text \<open>
  For \<open>0 < \<epsilon> < 2\<lambda>\<close>, the \<open>i\<close>-th term of the finite difference of the weak derivative of
  soft-thresholding is \<open>-1\<close> when \<open>y\<^sub>i\<close> lies in the window \<open>[-\<lambda>-\<epsilon>, -\<lambda>) \<union> (\<lambda>-\<epsilon>, \<lambda>]\<close> and \<open>0\<close>
  otherwise. Hence \<open>\<nabla>\<^sub>2 df\<^sup>F\<^sup>D(Y)\<close> is \<open>-1/\<epsilon>\<close> times a sum of \<open>P\<close> independent Bernoulli
  variables. Since \<open>erf (x / (\<surd>2 \<sigma>)) / 2\<close> is an antiderivative of the \<open>N(0, \<sigma>\<^sup>2)\<close> density and
  \<open>erf\<close> is odd, the \<open>i\<close>-th window has probability \<open>\<phi>[(\<mu>\<^sub>0)\<^sub>i, \<lambda>, \<epsilon>] / 2\<close>; the mean \<open>p\<close> and
  variance \<open>p - p\<^sup>2\<close> of a Bernoulli variable then give both formulas.
\<close>

lemma integrable_PiM_component:
  fixes h :: "'a \<Rightarrow> real"
  assumes "\<And>i. i \<in> I \<Longrightarrow> prob_space (M i)" "k \<in> I" "integrable (M k) h"
  shows "integrable (PiM I M) (\<lambda>w. h (w k))"
proof -
  have "integrable (distr (PiM I M) (M k) (\<lambda>w. w k)) h"
    using assms by (simp add: distr_PiM_component)
  then show ?thesis
    using assms by (subst (asm) integrable_distr_eq) (auto intro: measurable_component_singleton)
qed

lemma integral_PiM_component:
  fixes h :: "'a \<Rightarrow> real"
  assumes "\<And>i. i \<in> I \<Longrightarrow> prob_space (M i)" "k \<in> I" "h \<in> borel_measurable (M k)"
  shows "(\<integral>w. h (w k) \<partial>PiM I M) = integral\<^sup>L (M k) h"
proof -
  have "integral\<^sup>L (distr (PiM I M) (M k) (\<lambda>w. w k)) h = (\<integral>w. h (w k) \<partial>PiM I M)"
    using assms by (intro integral_distr measurable_component_singleton) simp_all
  then show ?thesis
    using assms by (simp add: distr_PiM_component)
qed

lemma integral_PiM_two_components:
  fixes h1 h2 :: "'a \<Rightarrow> real"
  assumes M: "\<And>i. prob_space (M i)" and "finite I" "k \<in> I" "l \<in> I" "k \<noteq> l"
    and "integrable (M k) h1" "integrable (M l) h2"
  shows "(\<integral>w. h1 (w k) * h2 (w l) \<partial>PiM I M) = integral\<^sup>L (M k) h1 * integral\<^sup>L (M l) h2"
proof -
  interpret product_prob_space M I
    using M by (rule product_prob_spaceI)
  define f where "f j x = (if j = k then h1 x else if j = l then h2 x else 1)" for j x
  have prod_split: "(\<Prod>j\<in>I. u j) = u k * u l * (\<Prod>j\<in>I - {k, l}. u j :: real)" for u
  proof -
    have "(\<Prod>j\<in>I. u j) = u k * (\<Prod>j\<in>I - {k}. u j)"
      using assms by (simp add: prod.remove)
    also have "(\<Prod>j\<in>I - {k}. u j) = u l * (\<Prod>j\<in>I - {k} - {l}. u j)"
      using assms by (subst prod.remove[of _ l]) auto
    finally show ?thesis by (simp add: Diff_insert2[symmetric] mult.assoc insert_commute)
  qed
  have "(\<integral>w. (\<Prod>j\<in>I. f j (w j)) \<partial>PiM I M) = (\<Prod>j\<in>I. integral\<^sup>L (M j) (f j))"
  proof (rule product_integral_prod)
    show "integrable (M j) (f j)" for j
      using assms by (cases "j = k"; cases "j = l") (simp_all add: f_def[abs_def])
  qed fact
  moreover have "(\<Prod>j\<in>I - {k, l}. f j (w j)) = 1" for w
    by (auto simp: f_def intro!: prod.neutral)
  moreover have "(\<Prod>j\<in>I - {k, l}. integral\<^sup>L (M j) (f j)) = 1"
    by (intro prod.neutral) (simp add: f_def[abs_def] M.prob_space)
  ultimately show ?thesis
    using assms by (simp add: prod_split f_def[abs_def])
qed

lemma
  fixes g :: "'i \<Rightarrow> 'a \<Rightarrow> real"
  assumes M: "\<And>i. prob_space (M i)" and I: "finite I"
    and g_meas: "\<And>i. i \<in> I \<Longrightarrow> g i \<in> borel_measurable (M i)"
    and g_bound: "\<And>i x. i \<in> I \<Longrightarrow> \<bar>g i x\<bar> \<le> B"
  defines "m i \<equiv> integral\<^sup>L (M i) (g i)"
  shows integral_PiM_sum_components: "(\<integral>w. (\<Sum>i\<in>I. g i (w i)) \<partial>PiM I M) = (\<Sum>i\<in>I. m i)"
    and variance_PiM_sum_components:
      "(\<integral>w. ((\<Sum>i\<in>I. g i (w i)) - (\<Sum>i\<in>I. m i))\<^sup>2 \<partial>PiM I M)
        = (\<Sum>i\<in>I. \<integral>x. (g i x - m i)\<^sup>2 \<partial>M i)"
proof -
  interpret product_prob_space M I
    using M by (rule product_prob_spaceI)
  define c where "c i x = g i x - m i" for i x
  have c_bound: "\<bar>c i x\<bar> \<le> B + \<bar>m i\<bar>" if "i \<in> I" for i x
    using g_bound[OF that, of x] by (simp add: c_def)
  have c_meas[measurable]: "c i \<in> borel_measurable (M i)" if "i \<in> I" for i
    using g_meas[OF that] by (simp add: c_def[abs_def])
  have g_int: "integrable (M i) (g i)" if "i \<in> I" for i
    using g_meas[OF that] g_bound[OF that]
    by (intro M.integrable_const_bound[where B=B]) auto
  have c_centered: "(\<integral>x. c i x \<partial>M i) = 0" if "i \<in> I" for i
    using g_int[OF that] by (simp add: c_def[abs_def] m_def M.prob_space)
  show "(\<integral>w. (\<Sum>i\<in>I. g i (w i)) \<partial>PiM I M) = (\<Sum>i\<in>I. m i)"
    using M g_int g_meas by (simp add: integral_sum integrable_PiM_component integral_PiM_component m_def)
  have cross: "(\<integral>w. c i (w i) * c j (w j) \<partial>PiM I M) = (if i = j then \<integral>x. (c i x)\<^sup>2 \<partial>M i else 0)"
    if "i \<in> I" "j \<in> I" for i j
  proof (cases "i = j")
    case True
    have "(\<integral>w. (c i (w i))\<^sup>2 \<partial>PiM I M) = (\<integral>x. (c i x)\<^sup>2 \<partial>M i)"
      by (intro integral_PiM_component M that) (use that in measurable)
    then show ?thesis
      using True by (simp add: power2_eq_square)
  next
    case False
    have "integrable (M k) (c k)" if "k \<in> I" for k
      using g_int[OF that] by (simp add: c_def[abs_def] M.prob_space)
    then show ?thesis
      using that False M I by (simp add: integral_PiM_two_components c_centered)
  qed
  have cross_int: "integrable (PiM I M) (\<lambda>w. c i (w i) * c j (w j))" if "i \<in> I" "j \<in> I" for i j
    by (rule P.integrable_const_bound[where B="(B + \<bar>m i\<bar>) * (B + \<bar>m j\<bar>)"])
      (use that in \<open>auto simp: abs_mult
        intro!: AE_I2 mult_mono c_bound order_trans[OF abs_ge_zero c_bound]\<close>)
  have "(\<Sum>i\<in>I. g i (w i)) - (\<Sum>i\<in>I. m i) = (\<Sum>i\<in>I. c i (w i))" for w
    by (simp add: c_def sum_subtractf)
  then have "(\<integral>w. ((\<Sum>i\<in>I. g i (w i)) - (\<Sum>i\<in>I. m i))\<^sup>2 \<partial>PiM I M)
      = (\<integral>w. (\<Sum>i\<in>I. \<Sum>j\<in>I. c i (w i) * c j (w j)) \<partial>PiM I M)"
    by (simp add: power2_eq_square sum_product)
  also have "\<dots> = (\<Sum>i\<in>I. \<Sum>j\<in>I. \<integral>w. c i (w i) * c j (w j) \<partial>PiM I M)"
    using cross_int by (simp add: integral_sum integrable_sum)
  also have "\<dots> = (\<Sum>i\<in>I. \<integral>x. (c i x)\<^sup>2 \<partial>M i)"
    using I by (simp add: cross sum.delta)
  finally show "(\<integral>w. ((\<Sum>i\<in>I. g i (w i)) - (\<Sum>i\<in>I. m i))\<^sup>2 \<partial>PiM I M)
      = (\<Sum>i\<in>I. \<integral>x. (g i x - m i)\<^sup>2 \<partial>M i)"
    by (simp add: c_def)
qed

◇ ◇ ◇ ◇

▶ **About this exercise**: Repeat the entries verbatim through the line with "For \<open>0 <".

▶ **Result for this exercise**:
text \<open>
  For \<open>0 < \<epsilon> < 2\<lambda>\<close>, the \<open>i\<close>-th term of the finite difference of the weak derivative of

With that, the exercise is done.